**What you have to do**
The answer must be every line from the entries below that includes "proof".

**Entries supplied**
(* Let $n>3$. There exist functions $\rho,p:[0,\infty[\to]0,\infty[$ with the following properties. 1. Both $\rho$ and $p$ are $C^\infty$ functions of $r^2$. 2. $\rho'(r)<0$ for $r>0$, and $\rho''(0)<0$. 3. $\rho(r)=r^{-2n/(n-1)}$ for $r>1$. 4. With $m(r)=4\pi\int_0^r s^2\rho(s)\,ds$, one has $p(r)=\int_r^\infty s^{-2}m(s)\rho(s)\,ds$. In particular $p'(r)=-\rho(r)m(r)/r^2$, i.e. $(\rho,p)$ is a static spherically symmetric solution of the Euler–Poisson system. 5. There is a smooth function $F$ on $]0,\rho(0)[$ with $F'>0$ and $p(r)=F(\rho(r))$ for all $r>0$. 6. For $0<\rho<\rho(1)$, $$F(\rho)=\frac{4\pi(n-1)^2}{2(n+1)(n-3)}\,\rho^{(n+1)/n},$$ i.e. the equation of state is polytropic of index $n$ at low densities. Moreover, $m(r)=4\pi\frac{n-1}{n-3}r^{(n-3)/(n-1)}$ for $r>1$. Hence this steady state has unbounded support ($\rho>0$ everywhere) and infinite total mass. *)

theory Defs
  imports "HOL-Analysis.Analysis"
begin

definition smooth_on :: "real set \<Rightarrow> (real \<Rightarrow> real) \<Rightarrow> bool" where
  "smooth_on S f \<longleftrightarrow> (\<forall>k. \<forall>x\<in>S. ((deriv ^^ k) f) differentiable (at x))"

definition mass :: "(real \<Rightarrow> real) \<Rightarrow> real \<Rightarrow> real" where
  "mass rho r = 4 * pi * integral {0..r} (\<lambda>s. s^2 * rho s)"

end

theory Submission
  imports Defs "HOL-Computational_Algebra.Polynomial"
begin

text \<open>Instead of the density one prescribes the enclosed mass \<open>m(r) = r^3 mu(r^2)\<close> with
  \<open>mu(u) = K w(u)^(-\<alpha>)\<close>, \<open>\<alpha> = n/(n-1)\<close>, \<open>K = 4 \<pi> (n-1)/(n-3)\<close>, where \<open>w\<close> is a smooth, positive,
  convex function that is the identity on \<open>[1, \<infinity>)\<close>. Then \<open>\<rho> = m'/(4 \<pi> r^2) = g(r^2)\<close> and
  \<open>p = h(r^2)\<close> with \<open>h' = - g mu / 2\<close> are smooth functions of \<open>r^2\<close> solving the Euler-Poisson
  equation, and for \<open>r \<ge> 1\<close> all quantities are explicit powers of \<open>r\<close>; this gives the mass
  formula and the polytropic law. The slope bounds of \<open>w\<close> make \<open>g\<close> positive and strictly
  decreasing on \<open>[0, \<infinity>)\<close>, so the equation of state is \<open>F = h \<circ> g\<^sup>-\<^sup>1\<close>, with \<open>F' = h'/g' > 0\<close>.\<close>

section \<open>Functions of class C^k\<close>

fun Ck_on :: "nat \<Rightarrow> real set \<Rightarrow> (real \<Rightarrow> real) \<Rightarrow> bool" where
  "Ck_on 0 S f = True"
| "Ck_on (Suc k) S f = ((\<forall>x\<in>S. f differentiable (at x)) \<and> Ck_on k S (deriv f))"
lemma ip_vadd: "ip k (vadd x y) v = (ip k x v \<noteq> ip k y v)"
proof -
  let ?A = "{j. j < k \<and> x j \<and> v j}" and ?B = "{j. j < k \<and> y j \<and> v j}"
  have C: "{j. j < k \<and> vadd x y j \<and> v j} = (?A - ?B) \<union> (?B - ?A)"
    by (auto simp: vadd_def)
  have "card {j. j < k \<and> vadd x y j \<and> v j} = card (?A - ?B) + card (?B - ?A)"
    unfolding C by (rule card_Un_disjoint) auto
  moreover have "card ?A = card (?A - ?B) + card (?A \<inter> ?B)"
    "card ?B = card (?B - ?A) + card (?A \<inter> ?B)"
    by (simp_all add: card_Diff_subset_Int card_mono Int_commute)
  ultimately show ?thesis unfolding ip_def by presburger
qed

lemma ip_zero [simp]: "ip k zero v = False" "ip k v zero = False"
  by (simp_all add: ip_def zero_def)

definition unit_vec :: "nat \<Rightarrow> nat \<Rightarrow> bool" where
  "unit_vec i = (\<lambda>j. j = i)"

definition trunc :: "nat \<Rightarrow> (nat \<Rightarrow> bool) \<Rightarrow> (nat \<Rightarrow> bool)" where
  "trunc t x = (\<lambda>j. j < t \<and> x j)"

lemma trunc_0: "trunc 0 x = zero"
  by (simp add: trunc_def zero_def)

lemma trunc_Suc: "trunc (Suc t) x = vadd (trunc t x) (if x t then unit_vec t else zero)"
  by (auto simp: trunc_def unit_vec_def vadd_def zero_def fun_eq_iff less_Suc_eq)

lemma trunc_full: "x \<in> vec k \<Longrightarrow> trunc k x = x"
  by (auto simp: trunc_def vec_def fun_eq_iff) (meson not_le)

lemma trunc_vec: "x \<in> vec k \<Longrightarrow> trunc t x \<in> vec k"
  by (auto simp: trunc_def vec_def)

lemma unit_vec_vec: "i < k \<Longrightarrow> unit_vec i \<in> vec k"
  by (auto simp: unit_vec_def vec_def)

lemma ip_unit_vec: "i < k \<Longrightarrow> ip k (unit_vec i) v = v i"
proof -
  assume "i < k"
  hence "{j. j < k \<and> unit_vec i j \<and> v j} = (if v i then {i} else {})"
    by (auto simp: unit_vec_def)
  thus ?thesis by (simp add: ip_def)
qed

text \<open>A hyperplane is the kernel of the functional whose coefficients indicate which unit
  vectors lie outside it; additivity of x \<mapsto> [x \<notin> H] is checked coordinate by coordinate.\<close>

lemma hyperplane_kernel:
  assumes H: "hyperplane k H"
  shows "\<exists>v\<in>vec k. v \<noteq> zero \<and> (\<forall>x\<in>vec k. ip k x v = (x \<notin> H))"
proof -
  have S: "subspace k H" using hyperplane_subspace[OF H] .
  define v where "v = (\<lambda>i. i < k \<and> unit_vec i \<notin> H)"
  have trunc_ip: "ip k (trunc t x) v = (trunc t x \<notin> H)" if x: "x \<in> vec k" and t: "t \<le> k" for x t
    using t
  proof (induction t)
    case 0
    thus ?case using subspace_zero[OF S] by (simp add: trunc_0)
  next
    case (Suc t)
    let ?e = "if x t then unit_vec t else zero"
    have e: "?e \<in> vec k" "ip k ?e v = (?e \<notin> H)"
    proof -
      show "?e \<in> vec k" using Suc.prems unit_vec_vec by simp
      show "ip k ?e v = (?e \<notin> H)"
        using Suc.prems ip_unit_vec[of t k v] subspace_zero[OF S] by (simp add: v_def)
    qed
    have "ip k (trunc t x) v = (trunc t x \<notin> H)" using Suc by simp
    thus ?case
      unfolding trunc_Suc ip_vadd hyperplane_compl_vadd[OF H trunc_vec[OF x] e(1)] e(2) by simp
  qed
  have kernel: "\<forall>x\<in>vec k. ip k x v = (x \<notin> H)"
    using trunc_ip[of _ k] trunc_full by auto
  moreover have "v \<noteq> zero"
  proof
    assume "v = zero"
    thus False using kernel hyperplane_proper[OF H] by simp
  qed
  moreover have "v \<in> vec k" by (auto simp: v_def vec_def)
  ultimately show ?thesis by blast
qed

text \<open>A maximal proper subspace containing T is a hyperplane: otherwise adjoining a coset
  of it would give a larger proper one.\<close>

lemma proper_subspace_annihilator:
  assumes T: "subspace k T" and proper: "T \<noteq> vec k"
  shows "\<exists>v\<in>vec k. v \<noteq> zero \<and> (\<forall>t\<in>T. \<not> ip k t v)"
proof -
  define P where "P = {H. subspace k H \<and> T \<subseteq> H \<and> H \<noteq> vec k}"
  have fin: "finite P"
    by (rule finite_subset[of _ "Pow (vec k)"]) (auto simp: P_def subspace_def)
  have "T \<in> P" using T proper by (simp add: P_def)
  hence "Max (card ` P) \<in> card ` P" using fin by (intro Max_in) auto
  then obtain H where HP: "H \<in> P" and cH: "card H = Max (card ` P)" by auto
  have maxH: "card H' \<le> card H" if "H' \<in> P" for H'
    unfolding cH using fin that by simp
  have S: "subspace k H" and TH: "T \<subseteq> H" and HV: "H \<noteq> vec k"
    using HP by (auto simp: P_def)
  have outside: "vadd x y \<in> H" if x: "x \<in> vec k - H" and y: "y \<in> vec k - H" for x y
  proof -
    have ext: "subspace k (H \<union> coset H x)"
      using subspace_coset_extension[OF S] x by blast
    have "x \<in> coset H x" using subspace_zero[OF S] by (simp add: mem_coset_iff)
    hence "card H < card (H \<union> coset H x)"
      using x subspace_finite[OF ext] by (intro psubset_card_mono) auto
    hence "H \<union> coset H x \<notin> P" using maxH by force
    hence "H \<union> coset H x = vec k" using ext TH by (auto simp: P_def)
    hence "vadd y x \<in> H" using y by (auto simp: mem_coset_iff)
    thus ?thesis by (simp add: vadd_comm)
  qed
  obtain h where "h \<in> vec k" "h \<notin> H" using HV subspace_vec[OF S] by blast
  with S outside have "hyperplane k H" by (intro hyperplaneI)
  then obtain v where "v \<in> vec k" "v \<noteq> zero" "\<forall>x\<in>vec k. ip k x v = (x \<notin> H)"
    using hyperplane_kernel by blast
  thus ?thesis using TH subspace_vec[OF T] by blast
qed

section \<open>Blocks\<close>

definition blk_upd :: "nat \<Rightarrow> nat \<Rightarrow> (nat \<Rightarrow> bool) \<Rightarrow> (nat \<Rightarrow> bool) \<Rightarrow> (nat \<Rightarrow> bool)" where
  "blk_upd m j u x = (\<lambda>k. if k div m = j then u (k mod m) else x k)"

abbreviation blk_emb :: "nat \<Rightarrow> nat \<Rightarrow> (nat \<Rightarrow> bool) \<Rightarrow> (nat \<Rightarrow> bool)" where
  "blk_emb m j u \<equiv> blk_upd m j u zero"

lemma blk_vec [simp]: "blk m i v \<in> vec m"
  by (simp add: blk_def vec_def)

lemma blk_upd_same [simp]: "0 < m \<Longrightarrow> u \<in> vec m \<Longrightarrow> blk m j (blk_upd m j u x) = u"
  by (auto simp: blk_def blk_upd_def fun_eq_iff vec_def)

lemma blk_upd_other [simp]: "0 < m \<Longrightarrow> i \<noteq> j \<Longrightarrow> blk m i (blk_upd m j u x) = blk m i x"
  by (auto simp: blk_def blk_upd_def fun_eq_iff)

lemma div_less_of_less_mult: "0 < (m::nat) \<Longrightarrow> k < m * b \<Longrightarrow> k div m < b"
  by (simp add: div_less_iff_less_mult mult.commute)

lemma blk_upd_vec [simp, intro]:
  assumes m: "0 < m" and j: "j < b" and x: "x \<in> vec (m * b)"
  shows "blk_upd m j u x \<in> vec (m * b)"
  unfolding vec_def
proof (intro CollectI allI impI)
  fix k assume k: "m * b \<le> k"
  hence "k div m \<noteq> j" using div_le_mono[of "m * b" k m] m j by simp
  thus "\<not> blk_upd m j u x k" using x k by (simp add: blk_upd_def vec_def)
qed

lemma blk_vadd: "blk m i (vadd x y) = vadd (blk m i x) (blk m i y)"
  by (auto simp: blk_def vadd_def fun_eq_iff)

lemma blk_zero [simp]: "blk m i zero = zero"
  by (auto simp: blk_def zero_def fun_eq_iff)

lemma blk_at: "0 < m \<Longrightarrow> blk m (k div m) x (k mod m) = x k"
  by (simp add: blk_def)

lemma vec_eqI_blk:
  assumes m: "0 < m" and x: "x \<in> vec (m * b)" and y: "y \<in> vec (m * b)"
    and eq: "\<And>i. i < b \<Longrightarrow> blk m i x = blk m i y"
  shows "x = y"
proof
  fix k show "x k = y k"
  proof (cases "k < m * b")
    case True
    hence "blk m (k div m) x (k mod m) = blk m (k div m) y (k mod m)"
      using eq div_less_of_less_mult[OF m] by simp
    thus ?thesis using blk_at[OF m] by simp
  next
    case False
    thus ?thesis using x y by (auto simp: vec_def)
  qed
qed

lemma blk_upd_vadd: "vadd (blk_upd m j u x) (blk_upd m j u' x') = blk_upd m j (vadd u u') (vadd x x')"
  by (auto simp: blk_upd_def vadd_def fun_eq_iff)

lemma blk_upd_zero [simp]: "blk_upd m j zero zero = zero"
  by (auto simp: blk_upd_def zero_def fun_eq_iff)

**Solution for this task**
proof -
proof -
proof -
  proof (induction t)
    proof -
  proof
proof -
  proof -
proof (intro CollectI allI impI)
proof
  proof (cases "k < m * b")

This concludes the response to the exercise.